# What kind of algae eater is this?



## Stinky (Jun 18, 2009)

Could an expert identify this one? I looked but I can't be sure what this is. Supposedly the "false algae eater" has a light band above the dark one like this one seems to have, while the true "siamese algae eater" does not. The dark band doesn't seem to go into the tail on this one, either, but none of the fins are yellow, just white. Neither can I see any barbels clearly. This fish won't stand still if you get close to it so it's very hard to get a close look at it much less take a pic. It also doesn't look like a "chinese algae eater" from pictures I'm seeing. So is it just a false after all, or some kind of hybrid? If it's a false, do they also eat algae anyway? Because this one is doing that.


----------



## Auban (Aug 8, 2010)

its a chinese algae eater. you can tell by its general shape, as well as the spots along its back. they often have a little more pattern on them, but it is not uncommon to see them with more or less just a line running down it and some faint spots on its back.

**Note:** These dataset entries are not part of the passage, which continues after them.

lemma nn_integral_indicator_powr_minus_half_finite:
  "(\<integral>\<^sup>+ b. ennreal (indicator {0<..1} b * b powr (-1/2)) \<partial>lborel) < \<infinity>"
proof -
  have "integrable lebesgue (\<lambda>b. indicator {0<..1} b *\<^sub>R b powr (-1/2::real))"
    by (intro nonnegative_absolutely_integrable_1 [unfolded set_integrable_def]
        integrable_on_powr_from_0') auto
  then have "integrable lborel (\<lambda>b. indicator {0<..1} b * b powr (-1/2::real))"
    by (simp add: integrable_completion)
  then show ?thesis
    by (auto dest: integrableD(2) simp: less_top)
qed

lemma nn_integral_inv_sqrt_height_lborel_finite:
  "(\<integral>\<^sup>+ y. ennreal (inv_sqrt_height y) \<partial>lborel) < \<infinity>"
proof -
  let ?g = "\<lambda>b::real. ennreal (indicator {0<..1} b * b powr (-1/2))"
  have split: "ennreal (inv_sqrt_height (a, b)) = indicator {0..1} a * ?g b" for a b
    by (simp add: inv_sqrt_height_split indicator_def)
  have "(\<integral>\<^sup>+ y. ennreal (inv_sqrt_height y) \<partial>lborel)
      = (\<integral>\<^sup>+ y. ennreal (inv_sqrt_height y) \<partial>(lborel \<Otimes>\<^sub>M lborel))"
    by (simp add: lborel_prod)
  also have "\<dots> = (\<integral>\<^sup>+ a. \<integral>\<^sup>+ b. ennreal (inv_sqrt_height (a, b)) \<partial>lborel \<partial>lborel)"
    by (rule lborel.nn_integral_fst[symmetric]) (simp add: lborel_prod)
  also have "\<dots> = (\<integral>\<^sup>+ a. \<integral>\<^sup>+ b. indicator {0..1::real} a * ?g b \<partial>lborel \<partial>lborel)"
    by (simp only: split)
  also have "\<dots> = (\<integral>\<^sup>+ a. indicator {0..1::real} a * (\<integral>\<^sup>+ b. ?g b \<partial>lborel) \<partial>lborel)"
    by (simp add: nn_integral_cmult)
  also have "\<dots> = (\<integral>\<^sup>+ b. ?g b \<partial>lborel)"
    by (simp add: nn_integral_multc mult.commute)
  finally show ?thesis
    using nn_integral_indicator_powr_minus_half_finite by simp
qed

lemma nn_integral_inv_sqrt_height_lambda1: "(\<integral>\<^sup>+ y. ennreal (inv_sqrt_height y) \<partial>lambda1) = 0"
proof -
  have "inv_sqrt_height (t, 0) = 0" for t
    by (simp add: inv_sqrt_height_def)
  then show ?thesis
    unfolding lambda1_def by (subst nn_integral_distr) (auto intro: measurable_restrict_space1)
qed

lemma nn_integral_inv_sqrt_height_mu_finite:
  "(\<integral>\<^sup>+ y. ennreal (inv_sqrt_height y) \<partial>mu) < \<infinity>"
  using nn_integral_inv_sqrt_height_lborel_finite
  by (simp add: nn_integral_mu nn_integral_inv_sqrt_height_lambda1)

lemma integrable_inv_sqrt_height: "integrable mu inv_sqrt_height"
  using nn_integral_inv_sqrt_height_mu_finite
  by (intro integrableI_bounded) (auto simp: inv_sqrt_height_nonneg measurable_cong_sets[OF sets_mu refl])

lemma inv_sqrt_height_le_infdist:
  assumes "0 < infdist y segA"
  shows "inv_sqrt_height y \<le> 1 / sqrt (infdist y segA)"
proof (cases "inv_sqrt_height y = 0")
  case False
  then have y: "0 \<le> fst y" "fst y \<le> 1" "0 < snd y" and "inv_sqrt_height y = 1 / sqrt (snd y)"
    by (auto simp: inv_sqrt_height_def split: if_splits)
  moreover have "infdist y segA \<le> dist y (fst y, 0)"
    using y by (intro infdist_le) (simp add: segA_eq_Times)
  moreover have "dist y (fst y, 0) = snd y"
    using y by (cases y) (simp add: dist_Pair_Pair dist_real_def)
  ultimately show ?thesis
    using assms by (simp add: frac_le)
qed (use assms in simp)

lemma inv_sqrt_height_ge:
  assumes "0 \<le> fst y" "fst y \<le> 1" "0 < snd y" "snd y * q^2 \<le> 1" "1 \<le> q"
  shows "q \<le> inv_sqrt_height y"
proof -
  have "snd y * 1 \<le> snd y * q^2"
    using assms(3,5) by (intro mult_left_mono) auto
  then have "snd y \<le> 1"
    using assms(4) by linarith
  have "sqrt (snd y) * q = sqrt (snd y * q^2)"
    using assms(5) by (simp add: real_sqrt_mult)
  also have "\<dots> \<le> 1"
    using assms(4) by simp
  finally have "q \<le> 1 / sqrt (snd y)"
    using assms(3) by (simp add: le_divide_eq mult.commute)
  then show ?thesis
    using assms(1-3) \<open>snd y \<le> 1\<close> by (simp add: inv_sqrt_height_def)
qed

lemma maxfun_inv_sqrt_height_finite_off_segA:
  assumes "x \<notin> segA"
  shows "maxfun mu inv_sqrt_height x < \<infinity>"
proof -
  let ?d = "infdist x segA"
  have "0 < ?d"
    using closed_segA assms by (intro infdist_pos_not_in_closed) (auto simp: segA_eq_Times)
  show ?thesis
  proof (rule maxfun_finite_if_locally_bounded)
    show "(\<integral>\<^sup>+ y. ennreal \<bar>inv_sqrt_height y\<bar> \<partial>mu) < \<infinity>"
      using nn_integral_inv_sqrt_height_mu_finite by (simp add: inv_sqrt_height_nonneg)
    show "0 < ?d / 2"
      using \<open>0 < ?d\<close> by simp
    fix y assume "y \<in> ball x (?d / 2)"
    then have "?d / 2 < infdist y segA"
      using infdist_triangle[of x segA y] by (simp add: dist_commute)
    then have "inv_sqrt_height y \<le> 1 / sqrt (infdist y segA)"
      using \<open>0 < ?d\<close> by (intro inv_sqrt_height_le_infdist) simp
    also have "\<dots> \<le> 1 / sqrt (?d / 2)"
      using \<open>?d / 2 < infdist y segA\<close> \<open>0 < ?d\<close> by (intro divide_left_mono real_sqrt_le_mono) auto
    finally show "\<bar>inv_sqrt_height y\<bar> \<le> 1 / sqrt (?d / 2)"
      by (simp add: inv_sqrt_height_nonneg)
  next
    fix \<rho> :: real assume "0 < \<rho>"
    have "ennreal (pi * \<rho>^2) \<le> emeasure mu (ball c r)" if "\<rho> \<le> r" for c r
    proof -
      have "pi * \<rho>^2 \<le> pi * r^2"
        using \<open>0 < \<rho>\<close> that by (intro mult_left_mono power_mono) auto
      then show ?thesis
        using \<open>0 < \<rho>\<close> that emeasure_mu_ball_ge[of r c] by (meson ennreal_leI less_imp_le order_trans)
    qed
    then show "\<exists>m>0. \<forall>c r. \<rho> \<le> r \<longrightarrow> ennreal m \<le> emeasure mu (ball c r)"
      using \<open>0 < \<rho>\<close> by (intro exI[of _ "pi * \<rho>^2"]) auto
  qed simp
qed

lemma nn_integral_inv_sqrt_height_ball_ge:
  assumes t: "0 \<le> t" "t \<le> 1" and q: "1 \<le> q" "2 * r * q^2 \<le> 1"
    and r: "0 < r" and h: "r / 2 < h" "h < r"
  shows "ennreal (q * r^2 / 4) \<le> (\<integral>\<^sup>+ y \<in> ball (t, h) r. ennreal \<bar>inv_sqrt_height y\<bar> \<partial>mu)"
proof -
  define R where "R = {max 0 (t - r/4) .. min 1 (t + r/4)} \<times> {h - r/2 .. h + r/2}"
  have "2 * r * 1 \<le> 2 * r * q^2"
    using q r by (intro mult_left_mono one_le_power) auto
  then have "r \<le> 1/2"
    using q by linarith
  have R_borel: "R \<in> sets borel"
    unfolding R_def by (intro borel_closed closed_Times) auto
  have "(r/4)^2 + (r/2)^2 < r^2"
    using r by (simp add: power_divide)
  then have "{t - r/4 .. t + r/4} \<times> {h - r/2 .. h + r/2} \<subseteq> ball (t, h) r"
    using r by (rule Icc_times_Icc_subset_ball)
  then have R_ball: "R \<subseteq> ball (t, h) r"
    unfolding R_def by (force simp: mem_Times_iff)
  have R_ge: "q \<le> inv_sqrt_height y" if "y \<in> R" for y
  proof (rule inv_sqrt_height_ge)
    show "0 \<le> fst y" "fst y \<le> 1" "0 < snd y"
      using that h by (auto simp: R_def)
    have "snd y * q^2 \<le> 2 * r * q^2"
      using that h by (intro mult_right_mono) (auto simp: R_def)
    then show "snd y * q^2 \<le> 1"
      using q by linarith
  qed fact
  have "r / 4 \<le> min 1 (t + r/4) - max 0 (t - r/4)"
    using t r \<open>r \<le> 1/2\<close> by (auto simp: min_def max_def)
  then have "ennreal (r^2 / 4) \<le> emeasure lborel R"
    unfolding R_def using r t
    by (subst emeasure_lborel_Icc_times_Icc) (auto simp: power2_eq_square intro!: ennreal_leI)
  also have "\<dots> \<le> emeasure mu R"
    using R_borel by (simp add: emeasure_mu)
  finally have "ennreal q * ennreal (r^2 / 4) \<le> ennreal q * emeasure mu R"
    by (rule mult_left_mono) simp
  moreover have "ennreal (q * r^2 / 4) = ennreal q * ennreal (r^2 / 4)"
    using q by (subst ennreal_mult[symmetric]) auto
  ultimately have "ennreal (q * r^2 / 4) \<le> ennreal q * emeasure mu R"
    by simp
  also have "\<dots> = (\<integral>\<^sup>+ y. ennreal q * indicator R y \<partial>mu)"
    using R_borel by (simp add: nn_integral_cmult_indicator)
  also have "\<dots> \<le> (\<integral>\<^sup>+ y \<in> ball (t, h) r. ennreal \<bar>inv_sqrt_height y\<bar> \<partial>mu)"
    using R_ball R_ge
    by (intro nn_integral_mono) (auto simp: indicator_def inv_sqrt_height_nonneg intro!: ennreal_leI)
  finally show ?thesis .
qed

lemma sqrt_sq_minus_pow4_bounds:
  fixes r :: real
  assumes "0 < r" "r \<le> 1/2"
  defines "h \<equiv> sqrt (r^2 - r^4)"
  shows "r / 2 < h" "h < r" "sqrt (r^2 - h^2) = r^2"
proof -
  have "r^2 \<le> (1/2)^2"
    using assms by (intro power_mono) auto
  then have r4: "r^4 < r^2" "r^4 \<le> r^2 / 4"
    using assms(1) by (simp_all add: power4_eq_xxxx power2_eq_square)
  then have h2: "h^2 = r^2 - r^4" and "0 < h"
    by (simp_all add: h_def)
  have "h^2 < r^2"
    using h2 assms(1) by simp
  then show "h < r"
    using assms(1) by (simp add: power_less_imp_less_base)
  have "(r / 2)^2 = r^2 / 4" "0 < r^2"
    using assms(1) by (simp_all add: power_divide)
  then have "(r / 2)^2 < h^2"
    using h2 r4 by linarith
  then show "r / 2 < h"
    using \<open>0 < h\<close> by (metis power_less_imp_less_base less_imp_le)
  show "sqrt (r^2 - h^2) = r^2"
    using h2 real_sqrt_abs[of "r^2"] by (simp flip: power_mult)
qed

lemma maxfun_inv_sqrt_height_ge_on_segA:
  assumes "x \<in> segA" and "1 \<le> q"
  shows "ennreal (q / 24) \<le> maxfun mu inv_sqrt_height x"
proof -
  obtain t where x: "x = (t, 0)" "0 \<le> t" "t \<le> 1"
    using assms(1) by (auto simp: segA_eq_Times)
  \<comment> \<open>Below height 2 r = 1/q^2 we have f >= q; the centre height h is chosen so that the ball
     passes through x but cuts A in a chord of length 2 sqrt (r^2 - h^2) = 2 r^2.\<close>
  define r where "r = 1 / (2 * q^2)"
  define h where "h = sqrt (r^2 - r^4)"
  have "1 \<le> q^2"
    using assms(2) by (simp add: one_le_power)
  then have r: "0 < r" "2 * r * q^2 = 1" "r \<le> 1/2"
    by (auto simp: r_def divide_le_eq)
  then have h: "r / 2 < h" "h < r" "sqrt (r^2 - h^2) = r^2"
    unfolding h_def using sqrt_sq_minus_pow4_bounds by auto
  have x_ball: "x \<in> ball (t, h) r"
    using h r by (simp add: x dist_Pair_Pair)
  have "pi * r^2 \<le> 4 * r^2"
    using pi_less_4 by (intro mult_right_mono) auto
  moreover have "emeasure mu (ball (t, h) r) \<le> ennreal (pi * r^2 + 2 * sqrt (r^2 - h^2))"
    using emeasure_mu_ball_le[of "(t, h)" r] h r by simp
  ultimately have upper: "emeasure mu (ball (t, h) r) \<le> ennreal (6 * r^2)"
    using h(3) by (smt (verit) ennreal_leI order_trans)
  have positive: "0 < emeasure mu (ball (t, h) r)"
    using r by (intro less_le_trans[OF _ emeasure_mu_ball_ge[of r]]) auto
  have lower: "ennreal (q * r^2 / 4) \<le> (\<integral>\<^sup>+ y \<in> ball (t, h) r. ennreal \<bar>inv_sqrt_height y\<bar> \<partial>mu)"
    using x r h assms(2) by (intro nn_integral_inv_sqrt_height_ball_ge) auto
  have "ennreal (q / 24) = ennreal (q * r^2 / 4 / (6 * r^2))"
    using r by simp
  also have "\<dots> \<le> (\<integral>\<^sup>+ y \<in> ball (t, h) r. ennreal \<bar>inv_sqrt_height y\<bar> \<partial>mu) / emeasure mu (ball (t, h) r)"
    using lower upper positive assms(2) by (intro ennreal_divide_ge) auto
  also have "\<dots> \<le> maxfun mu inv_sqrt_height x"
    using x_ball by (rule maxfun_ge_ball_average)
  finally show ?thesis .
qed

lemma maxfun_inv_sqrt_height_eq_top_iff: "maxfun mu inv_sqrt_height x = \<infinity> \<longleftrightarrow> x \<in> segA"
proof
  show "x \<in> segA" if "maxfun mu inv_sqrt_height x = \<infinity>"
  proof (rule ccontr)
    assume "x \<notin> segA"
    then have "maxfun mu inv_sqrt_height x < \<infinity>"
      by (rule maxfun_inv_sqrt_height_finite_off_segA)
    with that show False
      by simp
  qed
next
  assume "x \<in> segA"
  have unbounded: "of_nat n \<le> maxfun mu inv_sqrt_height x" for n
  proof -
    have "of_nat n = ennreal (real n)"
      by (rule ennreal_of_nat_eq_real_of_nat)
    also have "\<dots> \<le> ennreal (24 * (real n + 1) / 24)"
      by (intro ennreal_leI) simp
    also have "\<dots> \<le> maxfun mu inv_sqrt_height x"
      using \<open>x \<in> segA\<close> by (intro maxfun_inv_sqrt_height_ge_on_segA) auto
    finally show ?thesis .
  qed
  show "maxfun mu inv_sqrt_height x = \<infinity>"
  proof (rule ccontr)
    assume "maxfun mu inv_sqrt_height x \<noteq> \<infinity>"
    then have "maxfun mu inv_sqrt_height x < top"
      by (simp add: less_top)
    then obtain n where "maxfun mu inv_sqrt_height x < of_nat n"
      using ennreal_Ex_less_of_nat by blast
    then show False
      using unbounded[of n] by (metis leD)
  qed
qed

true siamese algae eaters have a very small mouth compared to your fish, and the black line extends into the tail. they are also a pretty dull silvery color with practically no color in the fins.


----------



## Sherry (Nov 22, 2011)

It is a small chinese algea eater. When they are small they do eat a bit of algea, but when they get larger (they can grow to 11 inches ) they get very lazy and eat no algea at all. Mine is 5 inches long. They are supposed to become very aggressive when they get large. I have a home for him when he does. Right now he is fine. His diet consists of sinking shrimp pellets, algea wafers, and veggie wafers. They are nice fish, just keep an eye on him, and have a rehome ready for him if and when he turns aggressive.


----------



## Stinky (Jun 18, 2009)

Thanks for letting me know. About the aggressiveness, I've heard conflicting info. Some say these must be alone as adults, others say a big enough tank with a lot of hiding places are enough in a community. Also, some seem to say that the different species of chinese algea eaters aren't all as aggressive, but still fairly aggressive. Well, I hope I can keep it stable long enough before it becomes aggressive. I think this is not a popular fish and it's not very well known.


----------



## jbrown5217 (Nov 9, 2011)

Your conflicting info comes from different experiences. Remember that each fish has its own personality, there are general assumptions we can make about a species because of known characteristics of a species, but actual happenings is very dependent on the fish.

A common example are betta fish. They are generally seen as aggressive fish that can't be in a community tank because of their aggressiveness. I've seen posts on here that contradict this common advice and that person has the most easy going betta ever. But I have also seen posts that discuss the terror that the betta was causing to the persons guppies or neons or fish name here.

Watch the personality of the fish and if it needs to be moved ultimately that is what may need to happen


----------



## Stinky (Jun 18, 2009)

Yeah, you got that right. A lot of different fish of the same species can act very different, sometimes totally opposite. I just didn't want to seem wishy or anything, I'm just used to very technical forums and they always jump on you if you're not totally accurate. I think everyone that's kept fish for a while has noticed that different fish of the same kind can sometimes act differently in an aquarium environment. With dog breeds this is common knowledge (even though all the breeds are technically the same species), but fish probably not.


----------